_Problem details_
Return the lines below in which the string "metis" occurs.

Provided data Block Start

lemma Union_merged_blocks_notin:
  assumes "vertex_partition n P" "A \<subseteq> {1..card P}" "card A = 2" "B \<in> P" "B \<notin> block P ` A"
  shows "B \<noteq> \<Union>(block P ` A)"
proof
  assume eq: "B = \<Union>(block P ` A)"
  obtain a where a: "a \<in> A" using assms(3) by fastforce
  have "block P a \<in> P" using bij_betw_block[OF assms(1)] a assms(2) unfolding bij_betw_def by auto
  moreover have "block P a \<noteq> B" using assms(5) a by auto
  moreover have "disjoint P" "{} \<notin> P" using assms(1) unfolding vertex_partition_def by blast+
  ultimately have "block P a \<inter> B = {}" "block P a \<noteq> {}"
    using disjointD[of P "block P a" B] assms(4) by auto
  moreover have "block P a \<subseteq> B" using eq a by auto
  ultimately show False by auto
qed

lemma tree_of_merge_neq:
  assumes P: "vertex_partition n P" and A: "A \<subseteq> {1..card P}" "card A = 2"
    and ij: "i \<in> {1..n}" "j \<in> {1..n}" "tree_of P i \<noteq> tree_of P j"
    and not_both: "\<not> (tree_of P i \<in> block P ` A \<and> tree_of P j \<in> block P ` A)"
  shows "tree_of (merge P A) i \<noteq> tree_of (merge P A) j"
proof -
  have notU: "tree_of P v \<noteq> \<Union>(block P ` A)" if "v \<in> {1..n}" "tree_of P v \<notin> block P ` A" for v
    using Union_merged_blocks_notin[OF P A tree_of_in(1)[OF P that(1)] that(2)] .
  show ?thesis
  proof (cases "tree_of P i \<in> block P ` A")
    case True
    then have "tree_of P j \<notin> block P ` A" using not_both by blast
    then show ?thesis using True not_sym[OF notU[OF ij(2)]]
      by (simp add: tree_of_merge[OF P A ij(1)] tree_of_merge[OF P A ij(2)])
  next
    case False
    then show ?thesis using ij(3) notU[OF ij(1)]
      by (simp add: tree_of_merge[OF P A ij(1)] tree_of_merge[OF P A ij(2)])
  qed
qed

definition valid_merges :: "nat \<Rightarrow> nat \<Rightarrow> (nat \<Rightarrow> nat set \<times> bool) \<Rightarrow> bool" where
  "valid_merges n d c \<longleftrightarrow> (\<forall>j. n - d < j \<and> j \<le> n \<longrightarrow> fst (c j) \<subseteq> {1..j} \<and> card (fst (c j)) = 2)"

lemma vertex_partition_coal:
  "d < n \<Longrightarrow> valid_merges n d c \<Longrightarrow> vertex_partition n (coal n c d) \<and> card (coal n c d) = n - d"
proof (induction d)
  case 0
  have "vertex_partition n ((\<lambda>v. {v}) ` {1..n})"
    unfolding vertex_partition_def disjoint_def by (auto simp: pairwise_def)
  then show ?case by (simp add: card_image)
next
  case (Suc d)
  have "n - Suc d \<le> n - d" by simp
  then have "valid_merges n d c" using Suc.prems(2) unfolding valid_merges_def by (meson le_less_trans)
  then have IH: "vertex_partition n (coal n c d)" "card (coal n c d) = n - d" using Suc by auto
  have "fst (c (n - d)) \<subseteq> {1..n-d}" "card (fst (c (n - d))) = 2"
    using Suc.prems unfolding valid_merges_def by auto
  then show ?case using vertex_partition_merge[OF IH(1)] card_merge[OF IH(1)] IH(2) by simp
qed

lemma coal_cong:
  "d \<le> n \<Longrightarrow> (\<And>j. n - d < j \<Longrightarrow> j \<le> n \<Longrightarrow> c j = c' j) \<Longrightarrow> coal n c d = coal n c' d"
proof (induction d)
  case (Suc d)
  then have "coal n c d = coal n c' d" by simp
  moreover have "c (n - d) = c' (n - d)" using Suc.prems by (cases "d < n") auto
  ultimately show ?case by simp
qed simp

lemma forest_cong:
  "m \<le> n \<Longrightarrow> (\<And>j. m < j \<Longrightarrow> j \<le> n \<Longrightarrow> c j = c' j) \<Longrightarrow> forest n c m = forest n c' m"
  unfolding forest_def by (rule coal_cong) auto

lemma card_2subsets_avoiding_image:
  assumes "finite S" "inj_on t I" "t ` I \<subseteq> S"
  shows "card {A. A \<subseteq> S \<and> card A = 2 \<and> (\<forall>i\<in>I. t i \<notin> A)} = (card S - card I) choose 2"
proof -
  have "{A. A \<subseteq> S \<and> card A = 2 \<and> (\<forall>i\<in>I. t i \<notin> A)} = {A. A \<subseteq> S - t ` I \<and> card A = 2}" by auto
  moreover have "card (S - t ` I) = card S - card I"
    using assms by (metis card_Diff_subset card_image finite_subset)
  ultimately show ?thesis using n_subsets[of "S - t ` I" 2] assms(1) by simp
qed

lemma card_2subsets_meeting_image_once:
  assumes "finite S" "inj_on t I" "t ` I \<subseteq> S" "i0 \<in> I"
  shows "card {A. A \<subseteq> S \<and> card A = 2 \<and> (\<forall>i\<in>I. t i \<in> A \<longleftrightarrow> i = i0)} = card S - card I"
proof -
  let ?c = "t i0"
  have c: "?c \<in> t ` I" using assms(4) by blast
  have "{A. A \<subseteq> S \<and> card A = 2 \<and> (\<forall>i\<in>I. t i \<in> A \<longleftrightarrow> i = i0)} = (\<lambda>x. {?c, x}) ` (S - t ` I)"
  proof (intro equalityI subsetI)
    fix A assume "A \<in> {A. A \<subseteq> S \<and> card A = 2 \<and> (\<forall>i\<in>I. t i \<in> A \<longleftrightarrow> i = i0)}"
    then have A: "A \<subseteq> S" "card A = 2" "\<And>i. i \<in> I \<Longrightarrow> t i \<in> A \<longleftrightarrow> i = i0" by auto
    have "?c \<in> A" using A(3) assms(4) by blast
    then have "card (A - {?c}) = 1" using A(2) by (simp add: card_Diff_singleton_if)
    then obtain x where "A - {?c} = {x}" by (rule card_1_singletonE)
    then have x: "A = {?c, x}" "x \<noteq> ?c" using \<open>?c \<in> A\<close> by auto
    have "x \<notin> t ` I"
    proof
      assume "x \<in> t ` I"
      then obtain i where "i \<in> I" "x = t i" by blast
      then show False using A(3)[of i] x by auto
    qed
    then show "A \<in> (\<lambda>x. {?c, x}) ` (S - t ` I)" using x A(1) by blast
  next
    fix A assume "A \<in> (\<lambda>x. {?c, x}) ` (S - t ` I)"
    then obtain x where x: "x \<in> S" "x \<notin> t ` I" "A = {?c, x}" by auto
    have "x \<noteq> ?c" using x c by auto
    moreover have "t i \<in> A \<longleftrightarrow> i = i0" if "i \<in> I" for i
      using that x assms(2,4) by (auto dest: inj_onD)
    ultimately show "A \<in> {A. A \<subseteq> S \<and> card A = 2 \<and> (\<forall>i\<in>I. t i \<in> A \<longleftrightarrow> i = i0)}"
      using x assms(3,4) by auto
  qed
  moreover have "inj_on (\<lambda>x. {?c, x}) (S - t ` I)"
    using c by (auto simp: inj_on_def doubleton_eq_iff)
  moreover have "card (S - t ` I) = card S - card I"
    using assms(1-3) by (metis card_Diff_subset card_image finite_subset)
  ultimately show ?thesis by (simp add: card_image)
qed

definition merge_choices :: "nat \<Rightarrow> (nat set \<times> bool) set" where
  "merge_choices m = {A. A \<subseteq> {1..m} \<and> card A = 2} \<times> UNIV"

lemma choices_eq_PiE: "choices n = PiE {2..n} merge_choices"
  unfolding choices_def merge_choices_def by simp

lemma card_merge_choices: "card (merge_choices m) = 2 * (m choose 2)"
  unfolding merge_choices_def using n_subsets[of "{1..m}" 2] by (simp add: card_cartesian_product)

lemma finite_merge_choices: "finite (merge_choices m)"
  unfolding merge_choices_def by simp

definition consistent_at :: "nat \<Rightarrow> nat \<Rightarrow> (nat \<Rightarrow> nat set) \<Rightarrow> (nat \<Rightarrow> nat set \<times> bool) \<Rightarrow> nat \<Rightarrow> bool" where
  "consistent_at n K J c m \<longleftrightarrow>
     (\<forall>i\<in>{1..K}. tree_of (forest n c m) i \<in> block (forest n c m) ` fst (c m) \<longleftrightarrow> m \<in> J i)"

lemma consistent_at_cong:
  assumes "m \<le> n" "\<And>j. m \<le> j \<Longrightarrow> j \<le> n \<Longrightarrow> c j = c' j"
  shows "consistent_at n K J c m = consistent_at n K J c' m"
proof -
  have "forest n c m = forest n c' m" using assms by (intro forest_cong) auto
  moreover have "c m = c' m" using assms by auto
  ultimately show ?thesis unfolding consistent_at_def by simp
qed

text \<open>If the trees of \<open>1, \<dots>, K\<close> are distinct before step \<open>m\<close>, the consistent choices of
  \<open>{a\<^sub>m, b\<^sub>m}\<close> are: the tree of the unique \<open>i\<close> with \<open>m \<in> J i\<close> together with one of the other
  \<open>m - K\<close> trees, or, if there is no such \<open>i\<close>, any two of those \<open>m - K\<close> trees.\<close>
definition step_count :: "nat \<Rightarrow> (nat \<Rightarrow> nat set) \<Rightarrow> nat \<Rightarrow> nat" where
  "step_count K J m = (if \<exists>i\<in>{1..K}. m \<in> J i then m - K else (m - K) choose 2)"

definition step_factor :: "nat \<Rightarrow> (nat \<Rightarrow> nat set) \<Rightarrow> nat \<Rightarrow> real" where
  "step_factor K J m = real (step_count K J m) / real (m choose 2)"

locale target_sets =
  fixes n L K :: nat and J :: "nat \<Rightarrow> nat set"
  assumes K_le_L: "K \<le> L" and L_pos: "1 \<le> L" and L_le_n: "L \<le> n"
    and J_subset: "\<And>i. i \<in> {1..K} \<Longrightarrow> J i \<subseteq> {L+1..n}"
    and J_disjoint: "disjoint_family_on J {1..K}"
begin

definition consistent_upto :: "nat \<Rightarrow> (nat \<Rightarrow> nat set \<times> bool) \<Rightarrow> bool" where
  "consistent_upto d c \<longleftrightarrow>
     (\<forall>m. n - d < m \<and> m \<le> n \<longrightarrow> c m \<in> merge_choices m \<and> (L < m \<longrightarrow> consistent_at n K J c m))"

lemma consistent_upto_Suc_imp: "consistent_upto (Suc d) c \<Longrightarrow> consistent_upto d c"
proof -
  have "n - Suc d \<le> n - d" by simp
  then show "consistent_upto (Suc d) c \<Longrightarrow> consistent_upto d c"
    unfolding consistent_upto_def by (meson le_less_trans)
qed

lemma consistent_upto_valid_merges: "consistent_upto d c \<Longrightarrow> valid_merges n d c"
  unfolding consistent_upto_def valid_merges_def merge_choices_def by (auto simp: mem_Times_iff)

Provided data Block End

_Exercise result_
    using assms by (metis card_Diff_subset card_image finite_subset)
    using assms(1-3) by (metis card_Diff_subset card_image finite_subset)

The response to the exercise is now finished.